Currently, Jorge Arroyo has been appointed as Costa Rica's ambassador to UNESCO and will be heading to Paris 2015 to assume this important office.

==Plays==

- L'ánima sola de Chico Muñoz (1979)
- La chupeta electrónica (1986)
- Ayer, cuando me decías que me querías (1986)
- Con la honra en el alambre (1987)
- Mata Hari: sentencia para una aurora (1987)
- Fantasma por error (1989)
- La aventura del café (1990)
- La Batalla de Rivas (1994)
- La entrada de Jesús en Jerusalén (1995)
- Albores (1997)
- Leyendas (1997)
- Azul Marlene (1997)
- La tertulia de los espantos (1997)
- El surco entre la flor y el labio (1997)
- Trío (2000)
- Valentino, la soledad del halcón (2002)
- La patria primera -hombres de fecunda labor- (2002)
- Figueroa: notario de la patria inédita (2003)
- La Tea fulgurante: Juan Santamaría o las iras de un dios (2004)
- Costa Rica: formación de una nación (2008)
- La Romería (2008)
- Retablo Navideño (2011)
- La ruta (2012)
- Al compás de la carreta (2014)
- De fábrica de licores a factoría cultural (2014)

==Awards==

- Premio Nacional de Teatro Eugenio Arias (1982).
- Premio Joven Creación (1983), de la Asociación Nacional de Autores.
- Premio UNA Palabra (1984), de la Universidad Nacional de Costa Rica.
- Premio Alajuelense del Año en Literatura (1995).
- Premio Nacional de Teatro Aquileo J. Echeverría (1996).
- Premio Anita Villalaz de Panamá (2002).
- Premio Nacional de Teatro Aquileo J. Echeverría (2003).
- Premio Nacional de Teatro Aquileo J. Echeverría (2004).
- Premio Nacional de Teatro Aquileo J. Echeverría (2008).
- Premio Nacional de Teatro por mejor Grupo Teatral (2009).
- Honorable Mention in the I Education and Museums Award of the international network Ibermuseos, Madrid, Spain, (2010).
- Honorable Mention in the III Award of Children’s Narrative Spanish Embassy / Alfaguara, (2011).

==Books==

- Para aprisionar nostalgias.
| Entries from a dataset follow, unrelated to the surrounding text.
(* Let $d\ge1$, $s\in(0,1/2)$, $\Omega\subset\mathbb{R}^d$ a bounded domain and $g\in L^\infty(\Omega^c)$. For $H\ge 1$ let $\Omega_H$, $\eta_H$, $g_H$, $T_H$, $E_H$ be as in the context. Then for every $v\in\mathbb{V}^g\cap L^\infty(\mathbb{R}^d)$ and every $w\in\mathbb{V}^{g_H}\cap L^\infty(\mathbb{R}^d)$, \[ \big|I_s[v]-I_s[T_Hv]\big|\le C\,H^{-1-2s},\qquad \big|I_s[w]-I_s[E_Hw]\big|\le C\,H^{-1-2s}, \] where $C$ depends only on $d$, $s$, $\Omega$, the constants in the definition of $\Omega_H$, and on $\|v\|_{L^\infty(\mathbb{R}^d)}$ (respectively $\|w\|_{L^\infty(\mathbb{R}^d)}$ and $\|g\|_{L^\infty(\Omega^c)}$), but not on $H$.
   Context: $\Omega^c=\mathbb{R}^d\setminus\Omega$, $Q_\Omega := (\mathbb{R}^d\times\mathbb{R}^d)\setminus(\Omega^c\times\Omega^c)$, $F_s(\rho) := \int_0^\rho \frac{\rho-r}{(1+r^2)^{(d+1+2s)/2}}\,dr$, and $I_s[u] := \iint_{Q_\Omega} F_s\!\left(\frac{u(x)-u(y)}{|x-y|}\right)\frac{dx\,dy}{|x-y|^{d+2s-1}}$. For $g\in L^\infty(\Omega^c)$, $\mathbb{V}^g := \{v:\mathbb{R}^d\to\mathbb{R} : v|_\Omega\in W^{2s}_1(\Omega),\ v=g \text{ in }\Omega^c\}$. For $H>0$, $\Omega_H$ is a bounded open set containing $\Omega$ such that $c_1H\le \operatorname{dist}(x,\overline\Omega)\le c_2 H$ for all $x\in\partial\Omega_H$, with fixed constants $0<c_1\le c_2$. The cutoff $\eta_H\in C^\infty(\Omega^c)$ satisfies $0\le\eta_H\le1$, $\operatorname{supp}\eta_H\subset\overline{\Omega}_{H+1}\setminus\Omega$, and $\eta_H=1$ on $\Omega_H\setminus\Omega$. Set $g_H:=g\eta_H$. The truncation operator $T_H:\mathbb{V}^g\to\mathbb{V}^{g_H}$ is $T_Hv := v$ in $\Omega$ and $T_Hv:=v\eta_H$ in $\Omega^c$; the extension operator $E_H:\mathbb{V}^{g_H}\to\mathbb{V}^g$ is $E_Hw:=w$ in $\Omega$ and $E_Hw := w+(1-\eta_H)g$ in $\Omega^c$. *)

theory Defs
  imports "HOL-Analysis.Analysis"
begin

fun iter_dderiv :: "('a::euclidean_space \<Rightarrow> real) \<Rightarrow> 'a list \<Rightarrow> 'a \<Rightarrow> real" where
  "iter_dderiv f [] = f"
| "iter_dderiv f (v # vs) = (\<lambda>x. frechet_derivative (iter_dderiv f vs) (at x) v)"

(* C^\<infinity> on an open set S: all iterated derivatives exist (hence are continuous) *)
definition smooth_on :: "'a::euclidean_space set \<Rightarrow> ('a \<Rightarrow> real) \<Rightarrow> bool" where
  "smooth_on S f \<longleftrightarrow> (\<forall>vs. \<forall>x\<in>S. iter_dderiv f vs differentiable (at x))"

definition F_s :: "nat \<Rightarrow> real \<Rightarrow> real \<Rightarrow> real" where
  "F_s d s \<rho> = (LBINT r=0..\<rho>. (\<rho> - r) / (1 + r\<^sup>2) powr ((real d + 1 + 2 * s) / 2))"

definition Q_set :: "'a set \<Rightarrow> ('a \<times> 'a) set" where
  "Q_set \<Omega> = UNIV - ((- \<Omega>) \<times> (- \<Omega>))"

(* I_s[u]; the integrand is nonnegative, so it is taken as an extended nonnegative integral
   with respect to Lebesgue measure on R^d x R^d *)
definition I_s :: "real \<Rightarrow> 'a::euclidean_space set \<Rightarrow> ('a \<Rightarrow> real) \<Rightarrow> ennreal" where
  "I_s s \<Omega> u = (\<integral>\<^sup>+ z. indicator (Q_set \<Omega>) z *
      ennreal (F_s DIM('a) s ((u (fst z) - u (snd z)) / norm (fst z - snd z))
               / norm (fst z - snd z) powr (real DIM('a) + 2 * s - 1)) \<partial>lebesgue)"

definition W_frac_1 :: "real \<Rightarrow> 'a::euclidean_space set \<Rightarrow> ('a \<Rightarrow> real) \<Rightarrow> bool" where
  "W_frac_1 \<sigma> \<Omega> u \<longleftrightarrow> set_integrable lebesgue \<Omega> u \<and>
     (\<integral>\<^sup>+ z. indicator (\<Omega> \<times> \<Omega>) z *
        ennreal (\<bar>u (fst z) - u (snd z)\<bar> / norm (fst z - snd z) powr (real DIM('a) + \<sigma>)) \<partial>lebesgue) < \<infinity>"

definition V_space :: "real \<Rightarrow> 'a::euclidean_space set \<Rightarrow> ('a \<Rightarrow> real) \<Rightarrow> ('a \<Rightarrow> real) set" where
  "V_space s \<Omega> g = {v. W_frac_1 (2 * s) \<Omega> v \<and> (\<forall>x\<in>- \<Omega>. v x = g x)}"

definition Linf_bound :: "'a::euclidean_space set \<Rightarrow> ('a \<Rightarrow> real) \<Rightarrow> real \<Rightarrow> bool" where
  "Linf_bound A u M \<longleftrightarrow> set_borel_measurable lebesgue A u \<and> (AE x in lebesgue. x \<in> A \<longrightarrow> \<bar>u x\<bar> \<le> M)"

definition trunc_op :: "'a set \<Rightarrow> ('a \<Rightarrow> real) \<Rightarrow> ('a \<Rightarrow> real) \<Rightarrow> 'a \<Rightarrow> real" where
  "trunc_op \<Omega> \<eta> v = (\<lambda>x. if x \<in> \<Omega> then v x else v x * \<eta> x)"

definition ext_op :: "'a set \<Rightarrow> ('a \<Rightarrow> real) \<Rightarrow> ('a \<Rightarrow> real) \<Rightarrow> ('a \<Rightarrow> real) \<Rightarrow> 'a \<Rightarrow> real" where
  "ext_op \<Omega> \<eta> g w = (\<lambda>x. if x \<in> \<Omega> then w x else w x + (1 - \<eta> x) * g x)"

end

theory Submission
  imports Defs
begin

text \<open>If u and w agree on a neighbourhood U of \<Omega> whose boundary stays at distance at least
  R from \<Omega>, the integrands of I_s[u] and I_s[w] differ only at pairs (x, y) with one point in
  \<Omega> and the other outside U, hence with |x - y| \<ge> R. Since F_s(\<rho>) \<le> \<rho>^2/2, a bound |u| \<le> B
  makes the integrand of I_s[u] at most 2 B^2 |x - y|^(-d-2s-1) there, and summing this kernel
  over the dyadic shells 2^k R \<le> |x - y| < 2^(k+1) R gives O(|\<Omega>| R^(-1-2s)).
  Both T_H v and E_H w agree with their arguments on \<Omega>_H, where R = c1 H, and stay bounded by
  twice the given L^\<infinity> bound.\<close>

text \<open>Only k has to be measurable: nothing is known about the measurability of the integrand
  of I_s[w] for a general w.\<close>

lemma nn_integral_add_le:
  assumes k: "k \<in> borel_measurable M"
  shows "(\<integral>\<^sup>+ x. f x + k x \<partial>M) \<le> integral\<^sup>N M f + integral\<^sup>N M k"
proof -
  have "integral\<^sup>S M g \<le> integral\<^sup>N M f + integral\<^sup>N M k"
    if g: "simple_function M g" "g \<le> (\<lambda>x. f x + k x)" "\<forall>x. g x < top" for g
  proof -
    have gm: "g \<in> borel_measurable M" using g(1) by (rule borel_measurable_simple_function)
    have gt: "\<And>x. g x \<noteq> top" using g(3) by (metis less_irrefl)
    have "integral\<^sup>S M g = integral\<^sup>N M g" using g(1) by (simp add: nn_integral_eq_simple_integral)
    also have "\<dots> \<le> (\<integral>\<^sup>+ x. (g x - k x) + k x \<partial>M)"
    proof (intro nn_integral_mono)
      fix x show "g x \<le> g x - k x + k x"
        by (cases "k x \<le> g x") (auto simp: diff_add_cancel_ennreal diff_eq_0_ennreal g(3))
    qed
    also have "\<dots> = (\<integral>\<^sup>+ x. g x - k x \<partial>M) + integral\<^sup>N M k"
      using gm k by (intro nn_integral_add) auto
    also have "(\<integral>\<^sup>+ x. g x - k x \<partial>M) \<le> integral\<^sup>N M f"
      using g(2) gt by (intro nn_integral_mono) (auto simp: le_fun_def ennreal_minus_le_iff add.commute)
    finally show ?thesis by (simp add: add_right_mono)
  qed
  then show ?thesis unfolding nn_integral_def_finite[of M "\<lambda>x. f x + k x"] by (intro SUP_least) auto
qed

lemma AE_lebesgue_pair:
  assumes "AE x in (lebesgue :: 'a::euclidean_space measure). P x"
  shows "AE z in (lebesgue :: ('a \<times> 'a) measure). P (fst z) \<and> P (snd z)"
proof -
  have "AE x in lborel. P x" using assms by (simp add: AE_completion_iff)
  then obtain N where "{x \<in> space lborel. \<not> P x} \<subseteq> N" "emeasure lborel N = 0" "N \<in> sets lborel"
    by (rule AE_E)
  then have N: "{x \<in> space lborel. \<not> P x} \<subseteq> N" "N \<in> null_sets (lborel :: 'a measure)" by auto
  have "N \<times> UNIV \<in> null_sets (lborel \<Otimes>\<^sub>M (lborel :: 'a measure))"
    using N(2) by (intro lborel.times_in_null_sets1) auto
  moreover have "UNIV \<times> N \<in> null_sets (lborel \<Otimes>\<^sub>M (lborel :: 'a measure))"
    using N(2) by (intro lborel.times_in_null_sets2) auto
  ultimately have "N \<times> UNIV \<union> UNIV \<times> N \<in> null_sets (lborel \<Otimes>\<^sub>M (lborel :: 'a measure))"
    by (rule null_sets.Un)
  then have nn: "N \<times> UNIV \<union> UNIV \<times> N \<in> null_sets (lborel :: ('a \<times> 'a) measure)"
    by (simp add: lborel_prod)
  have "AE z in (lborel :: ('a \<times> 'a) measure). P (fst z) \<and> P (snd z)"
    by (rule AE_I'[OF nn]) (use N(1) in auto)
  then show ?thesis by (rule AE_completion)
qed

lemma nn_integral_lebesgue_pair_swap:
  fixes f :: "'a::euclidean_space \<times> 'a \<Rightarrow> ennreal"
  assumes f[measurable]: "f \<in> borel_measurable (lborel \<Otimes>\<^sub>M lborel)"
  shows "(\<integral>\<^sup>+ z. f (snd z, fst z) \<partial>lebesgue) = (\<integral>\<^sup>+ z. f z \<partial>lebesgue)"
proof -
  have swap: "(\<lambda>z. f (snd z, fst z)) \<in> borel_measurable (lborel \<Otimes>\<^sub>M lborel)"
    by measurable
  have "(\<integral>\<^sup>+ z. f (snd z, fst z) \<partial>lebesgue) = (\<integral>\<^sup>+ x. \<integral>\<^sup>+ y. f (y, x) \<partial>lborel \<partial>lborel)"
    using lborel.nn_integral_fst[OF swap] by (simp add: nn_integral_completion lborel_prod)
  also have "\<dots> = (\<integral>\<^sup>+ z. f z \<partial>lebesgue)"
    using lborel_pair.nn_integral_snd[OF f] by (simp add: nn_integral_completion lborel_prod)
  finally show ?thesis .
qed

lemma interval_integral_mono_Icc:
  fixes a b :: real and f g :: "real \<Rightarrow> real"
  assumes "a \<le> b" "continuous_on {a..b} f" "continuous_on {a..b} g"
    and "\<And>x. x \<in> {a..b} \<Longrightarrow> f x \<le> g x"
  shows "(LBINT x=a..b. f x) \<le> (LBINT x=a..b. g x)"
proof -
  have "(LBINT x:{a..b}. f x) \<le> (LBINT x:{a..b}. g x)"
    using assms by (intro set_integral_mono borel_integrable_atLeastAtMost')
  then show ?thesis
    using assms(1) by (simp add: interval_integral_Icc)
qed

lemma interval_integral_ramp: "(LBINT r=0..\<rho>. \<rho> - r) = \<rho>\<^sup>2 / 2"
proof -
  have "((\<lambda>x. \<rho> * x - x\<^sup>2 / 2) has_vector_derivative (\<rho> - x)) (at x within S)" for x S
    by (auto intro!: derivative_eq_intros simp: has_real_derivative_iff_has_vector_derivative[symmetric])
  then have "(LBINT r=0..\<rho>. \<rho> - r) = (\<rho> * \<rho> - \<rho>\<^sup>2 / 2) - (\<rho> * 0 - 0\<^sup>2 / 2)"
    using interval_integral_FTC_finite[where a=0 and b=\<rho> and f="\<lambda>r. \<rho> - r" and F="\<lambda>x. \<rho> * x - x\<^sup>2 / 2"]
    by (simp add: continuous_intros zero_ereal_def)
  then show ?thesis by (simp add: power2_eq_square)
qed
San José: Editorial Costa Rica, 1984.
- Cuerpo de mimbre. Heredia: Editorial Universidad Nacional (EUNA), 1985.
- Mata Hari: sentencia para una aurora. San José: Editorial del Teatro Nacional de Costa Rica, 1991.
- Azul Marlene. San José: Editorial del Teatro Nacional de Costa Rica, 1997.
- Dos obras y una más. San José: Editorial Costa Rica, 2000.
- La patria primera -hombres de fecunda labor- San José: ICAR, 2002.
- La tea fulgurante: Juan Santamaría o las iras de un dios. Alajuela: Editorial del Museo Histórico Cultural Juan Santamaría, 2005.
- La tea fulgurante: Juan Santamaría o las iras de un dios. San José: Editorial Costa Rica, 2006.
- Figueroa: notario de la patria inédita. San José: Editorial de la Universidad Estatal a Distancia (EUNED), 2006.
- La Romería. San José: Editorial de la Universidad Estatal a Distancia (EUNED), 2009.
- Félix el puma y la gran carrera San Jose: Alfaguara, 2012.
- Trío San Jose: Litho Offset Graphic, 2012.
- La tea fulgurante: Juan Santamaría o las iras de un dios San Jose: Jadine Editorial, 2013.
- Mata-Hari: Sentencia para una aurora (Mata Hari: A Dawn’s Sentence). Trilingual edition (Spanish, English, Portuguese) Alajuela: Editorial de la Universidad Tecnica Nacioal (EUTN), 2014.